Find all $(x,y)$ such that $1/x+1/y=1/7$. While working in a workbook, I got stuck on the following problem:
Find all the ordered pairs $(x,y)$ such that they satisfy the equation $1/x + 1/y = 1/7$.
I made a bit of progress, but got stuck. 
So far, I have multiplied the entire equation by $7xy$ to get $7y+7x=xy$, then subtracted $7y$ and $7x$ from both sides to get $xy-7x-7y=0$.
From here, I'm not sure how to progress, maybe with SFFT?
Could someone guide me in what to do next?
Thanks!
 A: Assuming that $x$ and $y$ are supposed to be integers...  Abiessu's solution in the comments is very good and a great approach.  This answer provides a more elementary solution.
There are two cases to consider, either $x$ and $y$ are both positive, or one is positive and the other is negative.  Let's deal with both cases separately.


*

*If $x$ and $y$ are both positive, then let's assume that $x\leq y$ (the other case is symmetric).  Therefore, $\frac{1}{x}\geq\frac{1}{y}$.  Since $\frac{1}{x}+\frac{1}{y}=\frac{1}{7}$, it must be that $\frac{1}{7}>\frac{1}{x}\geq\frac{1}{14}$.  If $\frac{1}{x}$ were larger than $\frac{1}{7}$, then $\frac{1}{y}$ would have to be negative.  If $\frac{1}{x}$ were smaller than $\frac{1}{14}$, then $\frac{1}{y}$ would be larger.  This gives $7$ possible values for $x$, $x=8,\cdots,14$.  You can check each one for a possible $y$-value.
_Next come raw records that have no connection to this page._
lemma better_men_same_women:
  assumes st: "stable n pm pw mu" and st': "stable n pm pw mu'"
  shows "mu ` {x. x < n \<and> pm x (mu x) < pm x (mu' x)}
    = mu' ` {x. x < n \<and> pm x (mu x) < pm x (mu' x)}"
    (is "mu ` ?P = mu' ` ?P")
proof -
  have mu: "matching n mu" and mu': "matching n mu'"
    using st st' by (auto intro: stable_matching)
  have "mu ` ?P \<subseteq> mu' ` ?P"
  proof
    fix v assume "v \<in> mu ` ?P"
    then obtain x where x: "x < n" "pm x (mu x) < pm x (mu' x)" and v_eq: "mu x = v" by auto
    define y where "y = wpartner n mu' v"
    have v: "v < n" using matching_less[OF mu x(1)] v_eq by simp
    have y: "y < n" "mu' y = v"
      unfolding y_def using wpartner_less[OF mu' v] matching_wpartner[OF mu' v] by auto
    have "y \<noteq> x" using x(2) y(2) v_eq by auto
    moreover have "pw v y \<le> pw v x"
      using stable_no_blocking[OF st' x(1) v] x(2) v_eq y_def by simp
    ultimately have "pw v y < pw v x" using pw_less[OF v y(1) x(1)] by simp
    moreover have "wpartner n mu v = x" using wpartner_matching[OF mu x(1)] v_eq by simp
    ultimately have "\<not> pm y v < pm y (mu y)" using stable_no_blocking[OF st y(1) v] by fastforce
    moreover have "mu y \<noteq> v" using matching_eq_iff[OF mu y(1) x(1)] v_eq \<open>y \<noteq> x\<close> by simp
    ultimately have "pm y (mu y) < pm y (mu' y)"
      using pm_less[OF y(1) matching_less[OF mu y(1)] v] y(2) by simp
    with y show "v \<in> mu' ` ?P" by (intro image_eqI[of _ _ y]) auto
  qed
  moreover have "card (mu ` ?P) = card (mu' ` ?P)"
    using inj_on_subset[OF matching_inj_on[OF mu]] inj_on_subset[OF matching_inj_on[OF mu']]
    by (simp add: card_image subset_eq)
  ultimately show ?thesis by (intro card_subset_eq) auto
qed

lemma men_worse_inj:
  assumes st: "stable n pm pw mu" and st': "stable n pm pw mu'"
  shows "inj_on (men_worse pm mu mu') {..<n}"
proof -
  let ?X = "men_worse pm mu mu'"
  let ?P = "{x. x < n \<and> pm x (mu' x) < pm x (mu x)}"
  let ?Q = "{x. x < n \<and> pm x (mu x) \<le> pm x (mu' x)}"
  have mu: "matching n mu" and mu': "matching n mu'"
    using st st' by (auto intro: stable_matching)
  have on_P: "?X x = mu x" if "x \<in> ?P" for x
    using that unfolding men_worse_def by auto
  have on_Q: "?X x = mu' x" if "x \<in> ?Q" for x
    using that unfolding men_worse_def by auto
  have disjoint: "?P \<inter> ?Q = {}" by auto
  have "?X ` ?P = mu ` ?P"
    using on_P by (intro image_cong) auto
  also have "\<dots> = mu' ` ?P"
    using better_men_same_women[OF st' st] by simp
  finally have X_P: "?X ` ?P = mu' ` ?P" .
  have X_Q: "?X ` ?Q = mu' ` ?Q"
    using on_Q by (intro image_cong) auto
  have "?X ` ?P \<inter> ?X ` ?Q = mu' ` (?P \<inter> ?Q)"
    unfolding X_P X_Q by (rule inj_on_image_Int[OF matching_inj_on[OF mu'], symmetric]) auto
  then have "?X ` ?P \<inter> ?X ` ?Q = {}"
    using disjoint by simp
  moreover have "inj_on ?X ?P"
  proof -
    have "inj_on mu ?P" by (rule inj_on_subset[OF matching_inj_on[OF mu]]) auto
    moreover have "inj_on ?X ?P = inj_on mu ?P" by (rule inj_on_cong) (rule on_P)
    ultimately show ?thesis by simp
  qed
  moreover have "inj_on ?X ?Q"
  proof -
    have "inj_on mu' ?Q" by (rule inj_on_subset[OF matching_inj_on[OF mu']]) auto
    moreover have "inj_on ?X ?Q = inj_on mu' ?Q" by (rule inj_on_cong) (rule on_Q)
    ultimately show ?thesis by simp
  qed
  ultimately have "inj_on ?X (?P \<union> ?Q)"
    using disjoint by (simp add: inj_on_Un Diff_triv Int_commute)
  moreover have "{..<n} = ?P \<union> ?Q" by auto
  ultimately show ?thesis by simp
qed
lemma active_set_symdiff_locally_lipschitz:
  fixes \<theta>\<^sub>0 :: "('d::finite, 'h::finite) params"
  assumes ab: "a < b" and nondeg: "i \<notin> degenerate \<theta>\<^sub>0"
  shows "\<exists>e>0. \<exists>L\<ge>0. \<forall>\<theta>\<in>ball \<theta>\<^sub>0 e. \<forall>\<eta>\<in>ball \<theta>\<^sub>0 e.
    measure lborel ((active_set a b \<theta> i - active_set a b \<eta> i) \<union> (active_set a b \<eta> i - active_set a b \<theta> i))
      \<le> L * dist \<theta> \<eta>"
proof (cases "\<exists>j. wgt \<theta>\<^sub>0 i j \<noteq> 0")
  case True
  then obtain j where j: "wgt \<theta>\<^sub>0 i j \<noteq> 0" by blast
  define L where "L = 4 * (1 + real CARD('d) * (\<bar>a\<bar> + \<bar>b\<bar>)) * (b-a)^(CARD('d)-1) / \<bar>wgt \<theta>\<^sub>0 i j\<bar>"
  have "\<forall>\<theta>\<in>ball \<theta>\<^sub>0 (\<bar>wgt \<theta>\<^sub>0 i j\<bar> / 2). \<forall>\<eta>\<in>ball \<theta>\<^sub>0 (\<bar>wgt \<theta>\<^sub>0 i j\<bar> / 2).
      measure lborel ((active_set a b \<theta> i - active_set a b \<eta> i) \<union> (active_set a b \<eta> i - active_set a b \<theta> i))
        \<le> L * dist \<theta> \<eta>"
    unfolding L_def using measure_active_set_symdiff_le[OF ab] by blast
  moreover have "0 < \<bar>wgt \<theta>\<^sub>0 i j\<bar> / 2" using j by simp
  moreover have "0 \<le> L" unfolding L_def using ab by simp
  ultimately show ?thesis by blast
next
  case False
  define e where "e = \<bar>bias \<theta>\<^sub>0 i\<bar> / (2 * (1 + real CARD('d) * (\<bar>a\<bar> + \<bar>b\<bar>)))"
  have w: "\<And>j. wgt \<theta>\<^sub>0 i j = 0" using False by simp
  have "bias \<theta>\<^sub>0 i \<noteq> 0" using nondeg unfolding degenerate_def by (simp add: w)
  then have "0 < e" unfolding e_def by (simp add: add_pos_nonneg)
  have "active_set a b \<theta> i = active_set a b \<theta>\<^sub>0 i" if "\<theta> \<in> ball \<theta>\<^sub>0 e" for \<theta>
    using that unfolding e_def by (rule active_set_locally_constant[OF w])
  then have "\<forall>\<theta>\<in>ball \<theta>\<^sub>0 e. \<forall>\<eta>\<in>ball \<theta>\<^sub>0 e.
      measure lborel ((active_set a b \<theta> i - active_set a b \<eta> i) \<union> (active_set a b \<eta> i - active_set a b \<theta> i))
        \<le> 0 * dist \<theta> \<eta>"
    by simp
  with \<open>0 < e\<close> show ?thesis by (meson order_refl)
qed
*If one of $x$ and $y$ is negative, assume that $y$ is negative and $x$ is positive (the other case is symmetric).  Then, $1\geq\frac{1}{x}>\frac{1}{7}$.  The LHS inequality occurs because $x$ is positive, while the RHS inequality occurs because $\frac{1}{x}$ must be larger than $\frac{1}{7}$ so that we can subtract $\frac{1}{|y|}$ from it.  This leads to $6$ cases for $x$, $x=1,\cdots,6$.  You can check each one for a possible $y$-value.
A: A simple way is to take  $7y+7x=xy$, subtract $7y$ from both sides, and then factor out the $y$ on the right, then divide both sides by $x-7$ to obtain the equation $y=7x/(x-7)$. $x=7$ isn't a solution to the original equation so you don't have to worry about the domain restriction. 
If you are indeed looking for the integer values, (-42,6) is the lowest value of x that can give an integer value for y and (56,8) is the highest. Checking the others finds (0,0), (6,-42), (8,56), and (14,14), but checking in the original equation shows that (0,0) is not a solution. This happened because multiplying by 7xy is zero when x or y are zero.